As the other nurses gathered around and the father prayed a final
prayer, one of the patients went and gathered some flowers. He secured
them right under her hands - one final act of love.

Those same pink bougainvilleas that I thought were so full of life were
now her parting gift in death.

Kayla and I watched as they slid her into that concrete mausoleum. And
we watched as they sealed it. And we watched as they walked away.

We mourned for this woman. We mourned for this woman that we never even met. And we mourned a little for ourselves, for the change that comes within when you carry, tie and watch a dead body disappear. 

This was all within the first hour of being at the hospice. And while
death is hard to watch, spending the next few days watching the dying...there's no way to
describe the impact that has.

In my short time at the hospice for the dying destitute, so much
happened. Things I cannot express with words, stories and emotions
that can only be conveyed with body language and even tears. And then
there are some experiences which I will never be able to share -
experiences which will always be wholly mine.

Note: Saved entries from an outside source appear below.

(* In the setting below, assume each $f_i$ is $L_i$-smooth and $\eta_k\le\frac1{2n\sqrt{\bar LL^*}}$ for all $k\in[K]$. Then for any permutations $\sigma_1,\dots,\sigma_K$ and every $k\in[K]$, $$F(x_{k+1})-F(x_* )\le\frac{\|x_*-x_1\|^2}{2n\sum_{\ell=1}^k\eta_\ell}+\sum_{\ell=1}^k\frac{4\eta_\ell^3R_\ell}{\sum_{s=\ell}^k\eta_s}+\sum_{\ell=2}^k\frac{8n^2\bar L^2\eta_{\ell-1}\left(\sum_{s=\ell}^k\eta_s^3\right)}{\left(\sum_{s=\ell}^k\eta_s\right)\left(\sum_{s=\ell-1}^k\eta_s\right)}B_f(x_\ell,x_* ),$$ where $R_\ell=\sum_{i=2}^n\frac{L_{\sigma_\ell^i}}{n}\Big\|\sum_{j=1}^{i-1}\nabla f_{\sigma_\ell^j}(x_* )\Big\|^2$.
   Context: Setting. Let $n,d\in\mathbb N$, let $f_1,\dots,f_n:\mathbb R^d\to\mathbb R$ be convex, $f=\frac1n\sum_{i=1}^nf_i$, let $\psi:\mathbb R^d\to\mathbb R\cup\{+\infty\}$ be proper, closed and convex, and $F=f+\psi$. $B_g(x,y)=g(x)-g(y)-\langle\nabla g(y),x-y\rangle$ is the Bregman divergence. Assume there is $x_*\in\mathbb R^d$ with $F(x_* )=\inf_{x}F(x)\in\mathbb R$. Proximal shuffling gradient method: given $x_1\in\mathrm{dom}\,\psi$, a number of epochs $K\ge2$ and stepsizes $\eta_k>0$, for $k=1,\dots,K$: choose a permutation $\sigma_k=(\sigma_k^1,\dots,\sigma_k^n)$ of $[n]=\{1,\dots,n\}$; set $x_k^1=x_k$ and $x_k^{i+1}=x_k^i-\eta_k\nabla f_{\sigma_k^i}(x_k^i)$ for $i=1,\dots,n$; set $x_{k+1}=\arg\min_{x\in\mathbb R^d}\{n\psi(x)+\frac{1}{2\eta_k}\|x-x_k^{n+1}\|^2\}$. Smoothness: each $f_i$ is differentiable with $\|\nabla f_i(x)-\nabla f_i(y)\|\le L_i\|x-y\|$ for all $x,y$, $L_i>0$; $\bar L=\frac1n\sum_iL_i$, $L^*=\max_iL_i$. *)

theory Defs
  imports "HOL-Analysis.Analysis"
begin

definition proper_fun :: "('a \<Rightarrow> ereal) \<Rightarrow> bool" where
  "proper_fun \<psi> \<longleftrightarrow> (\<forall>x. \<psi> x \<noteq> -\<infinity>) \<and> (\<exists>x. \<psi> x < \<infinity>)"

definition ereal_convex :: "('a::real_vector \<Rightarrow> ereal) \<Rightarrow> bool" where
  "ereal_convex \<psi> \<longleftrightarrow> (\<forall>x y (t::real). 0 \<le> t \<and> t \<le> 1 \<longrightarrow>
      \<psi> (t *\<^sub>R x + (1 - t) *\<^sub>R y) \<le> ereal t * \<psi> x + ereal (1 - t) * \<psi> y)"
(* Consider problem (III) with $n$ datum shapes $D_i\in\mathbb{R}^{d\times m}$ ($d\in\{2,3\}$), visibility matrices $\Gamma_i$, fixed diagonal $\Lambda$ and fixed $\nu\ge0$, where each warp is either the affine transformation (feature map $\beta(p)=[p^{\top},1]^{\top}$, $\mu_i=0$) or a TPS warp (with $\mu_i\ge0$), and the matrices $\mathcal{B}_i(D_i)\Gamma_i\Gamma_i\mathcal{B}_i(D_i)^{\top}+\mu_iZ_i^{\top}Z_i$ are invertible. If each datum shape is replaced by $D_i'=R_iD_i+t_i\mathbf{1}^{\top}$ for arbitrary (possibly distinct) rotations $R_i$ and translations $t_i$, where for a TPS warp its control centers are transformed by the same $(R_i,t_i)$, then the optimal reference shape $S$ of problem (III) remains the same.
   Context: Problem (III): $$\min_{W_i,\,S\in\mathbb{R}^{d\times m}}\ \sum_{i=1}^n\|W_i^{\top}\mathcal{B}_i(D_i)\Gamma_i-S\Gamma_i\|_F^2+\sum_{i=1}^n\mu_i\|Z_iW_i\|_F^2+\nu\|S\mathbf{1}\|_2^2\quad\text{s.t.}\quad SS^{\top}=\Lambda,$$ where $\Gamma_i$ is diagonal with entries in $\{0,1\}$, $\mathcal{B}_i(D)=[\beta_i(p_1),\dots,\beta_i(p_m)]$ for $D=[p_1,\dots,p_m]$ and $\mathbf{1}\in\mathbb{R}^m$ is the all-ones vector. TPS warp: control centers $c_1,\dots,c_l\in\mathbb{R}^d$, parameter $\lambda$, kernel $\phi(r)=r^2\log(r^2)$ ($d=2$) or $-|r|$ ($d=3$); $K_\lambda$ has diagonal $\lambda$ and off-diagonal entries $\phi(\|c_j-c_k\|)$; $\tilde{C}=[\tilde{c}_1,\dots,\tilde{c}_l]$, $\tilde{c}_j=[c_j^{\top},1]^{\top}$; $K_\lambda$, $\tilde{C}K_\lambda^{-1}\tilde{C}^{\top}$ invertible; $\bar{\mathcal{E}}_\lambda=K_\lambda^{-1}-K_\lambda^{-1}\tilde{C}^{\top}(\tilde{C}K_\lambda^{-1}\tilde{C}^{\top})^{-1}\tilde{C}K_\lambda^{-1}$ (positive semidefinite in the paper's setting); $\mathcal{E}_\lambda=\begin{bmatrix}\bar{\mathcal{E}}_\lambda\\ (\tilde{C}K_\lambda^{-1}\tilde{C}^{\top})^{-1}\tilde{C}K_\lambda^{-1}\end{bmatrix}$; $\beta(p)=\mathcal{E}_\lambda^{\top}\begin{bmatrix}\phi_p\\ \tilde{p}\end{bmatrix}$, $\phi_p=[\phi(\|p-c_j\|)]_j$, $\tilde{p}=[p^{\top},1]^{\top}$; $Z=\sqrt{\bar{\mathcal{E}}_\lambda}$. *)

theory Defs
  imports "Jordan_Normal_Form.Determinant" "Jordan_Normal_Form.Gauss_Jordan_Elimination"
begin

While some experiences I truly can't write out, there is one more from
the hospice I would like to share. Later.

For now, each country has taught me a different unique lesson that I will carry with me for the rest of my life. South Africa taught me Ubuntu - I am because we are. Peru: Poroy - for today.

In India, more specifically at the hospice, being spending so much time around death and around people who are struggling to live, I've learned that it's not enough to just value life, you must value living.